lemma
  fixes b :: "nat \<Rightarrow> real" and q r :: real
  assumes q: "q > -1" and r: "r > 0" and entire: "\<And>x. summable (\<lambda>n. \<bar>b n * x ^ n\<bar>)"
  shows integrable_indicator_powr_power_series:
      "integrable lborel (\<lambda>z. indicator {0..r} z * z powr q * (\<Sum>n. b n * (z\<^sup>2) ^ n))"
    and integral_indicator_powr_power_series:
      "(\<integral>z. indicator {0..r} z * z powr q * (\<Sum>n. b n * (z\<^sup>2) ^ n) \<partial>lborel)
         = (\<Sum>n. b n * (r powr (q + 2 * real n + 1) / (q + 2 * real n + 1)))"
    and summable_indicator_powr_power_series:
      "summable (\<lambda>n. b n * (r powr (q + 2 * real n + 1) / (q + 2 * real n + 1)))"
proof -
  define \<phi> where "\<phi> = (\<lambda>n z. b n * (indicator {0..r} z * z powr (q + 2 * real n)))"
  have qn: "q + 2 * real n > -1" for n using q by simp
  have int: "integrable lborel (\<phi> n)" for n
    unfolding \<phi>_def using integrable_indicator_powr[OF qn] r by simp
  have intv: "integral\<^sup>L lborel (\<phi> n) = b n * (r powr (q + 2 * real n + 1) / (q + 2 * real n + 1))" for n
    unfolding \<phi>_def using integral_indicator_powr[OF qn, of r] r by simp
  have norm_\<phi>: "norm (\<phi> n z) = \<bar>b n\<bar> * (indicator {0..r} z * z powr (q + 2 * real n))" for n z
    unfolding \<phi>_def by (simp add: abs_mult indicator_def)
  have sabs: "summable (\<lambda>n. \<integral>z. norm (\<phi> n z) \<partial>lborel)"
  proof (rule summable_comparison_test')
    show "summable (\<lambda>n. \<bar>b n * (r\<^sup>2) ^ n\<bar> * (r powr (q + 1) / (q + 1)))"
      by (intro summable_mult2 entire)
    fix n
    have "r powr (q + 2 * real n + 1) = r powr (q + 1) * (r\<^sup>2) ^ n"
      using powr_add_twice_nat[of r "q + 1" n] r by (simp add: add_ac)
    then have "r powr (q + 2 * real n + 1) / (q + 2 * real n + 1) \<le> r powr (q + 1) * (r\<^sup>2) ^ n / (q + 1)"
      using q r by (intro frac_le) auto
    then have "\<bar>b n\<bar> * (r powr (q + 2 * real n + 1) / (q + 2 * real n + 1))
        \<le> \<bar>b n\<bar> * (r powr (q + 1) * (r\<^sup>2) ^ n / (q + 1))"
      by (rule mult_left_mono) simp
    also have "\<dots> = \<bar>b n * (r\<^sup>2) ^ n\<bar> * (r powr (q + 1) / (q + 1))"
      by (simp add: abs_mult)
    finally have "\<bar>b n\<bar> * (r powr (q + 2 * real n + 1) / (q + 2 * real n + 1))
        \<le> \<bar>b n * (r\<^sup>2) ^ n\<bar> * (r powr (q + 1) / (q + 1))" .
    moreover have "(\<integral>z. norm (\<phi> n z) \<partial>lborel) = \<bar>b n\<bar> * (r powr (q + 2 * real n + 1) / (q + 2 * real n + 1))"
      unfolding norm_\<phi> using integral_indicator_powr[OF qn, of r] r by simp
    moreover have "q + 2 * real n + 1 > 0" using q by simp
    ultimately show "norm (\<integral>z. norm (\<phi> n z) \<partial>lborel) \<le> \<bar>b n * (r\<^sup>2) ^ n\<bar> * (r powr (q + 1) / (q + 1))"
      by simp
  qed
  have \<phi>_eq: "\<phi> n z = indicator {0..r} z * z powr q * (b n * (z\<^sup>2) ^ n)" for n z
    unfolding \<phi>_def by (cases "z \<in> {0..r}") (simp_all add: powr_add_twice_nat)
  have AEs: "AE z in lborel. summable (\<lambda>n. norm (\<phi> n z))"
    unfolding \<phi>_eq real_norm_def abs_mult[of "indicator {0..r} _ * _ powr q"]
    by (intro AE_I2) (rule summable_mult[OF entire])
  have sum_\<phi>: "(\<lambda>z. \<Sum>n. \<phi> n z) = (\<lambda>z. indicator {0..r} z * z powr q * (\<Sum>n. b n * (z\<^sup>2) ^ n))"
    unfolding \<phi>_eq by (rule ext, rule suminf_mult[OF summable_rabs_cancel[OF entire]])
  show "integrable lborel (\<lambda>z. indicator {0..r} z * z powr q * (\<Sum>n. b n * (z\<^sup>2) ^ n))"
    using integrable_suminf[OF int AEs sabs] unfolding sum_\<phi> .
  show "(\<integral>z. indicator {0..r} z * z powr q * (\<Sum>n. b n * (z\<^sup>2) ^ n) \<partial>lborel)
      = (\<Sum>n. b n * (r powr (q + 2 * real n + 1) / (q + 2 * real n + 1)))"
    using integral_suminf[OF int AEs sabs] unfolding sum_\<phi> intv .
  show "summable (\<lambda>n. b n * (r powr (q + 2 * real n + 1) / (q + 2 * real n + 1)))"
    using summable_integral[OF int AEs sabs] unfolding intv .
qed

**EXERCISE BRIEF:**
Reading through the records above, report each line in which the string "lambda" is found.

**EXERCISE OUTPUT:**
  assumes q: "q > -1" and r: "r > 0" and entire: "\<And>x. summable (\<lambda>n. \<bar>b n * x ^ n\<bar>)"
      "integrable lborel (\<lambda>z. indicator {0..r} z * z powr q * (\<Sum>n. b n * (z\<^sup>2) ^ n))"
      "summable (\<lambda>n. b n * (r powr (q + 2 * real n + 1) / (q + 2 * real n + 1)))"
  define \<phi> where "\<phi> = (\<lambda>n z. b n * (indicator {0..r} z * z powr (q + 2 * real n)))"
  have sabs: "summable (\<lambda>n. \<integral>z. norm (\<phi> n z) \<partial>lborel)"
    show "summable (\<lambda>n. \<bar>b n * (r\<^sup>2) ^ n\<bar> * (r powr (q + 1) / (q + 1)))"
  have AEs: "AE z in lborel. summable (\<lambda>n. norm (\<phi> n z))"
  have sum_\<phi>: "(\<lambda>z. \<Sum>n. \<phi> n z) = (\<lambda>z. indicator {0..r} z * z powr q * (\<Sum>n. b n * (z\<^sup>2) ^ n))"
  show "integrable lborel (\<lambda>z. indicator {0..r} z * z powr q * (\<Sum>n. b n * (z\<^sup>2) ^ n))"
  show "summable (\<lambda>n. b n * (r powr (q + 2 * real n + 1) / (q + 2 * real n + 1)))"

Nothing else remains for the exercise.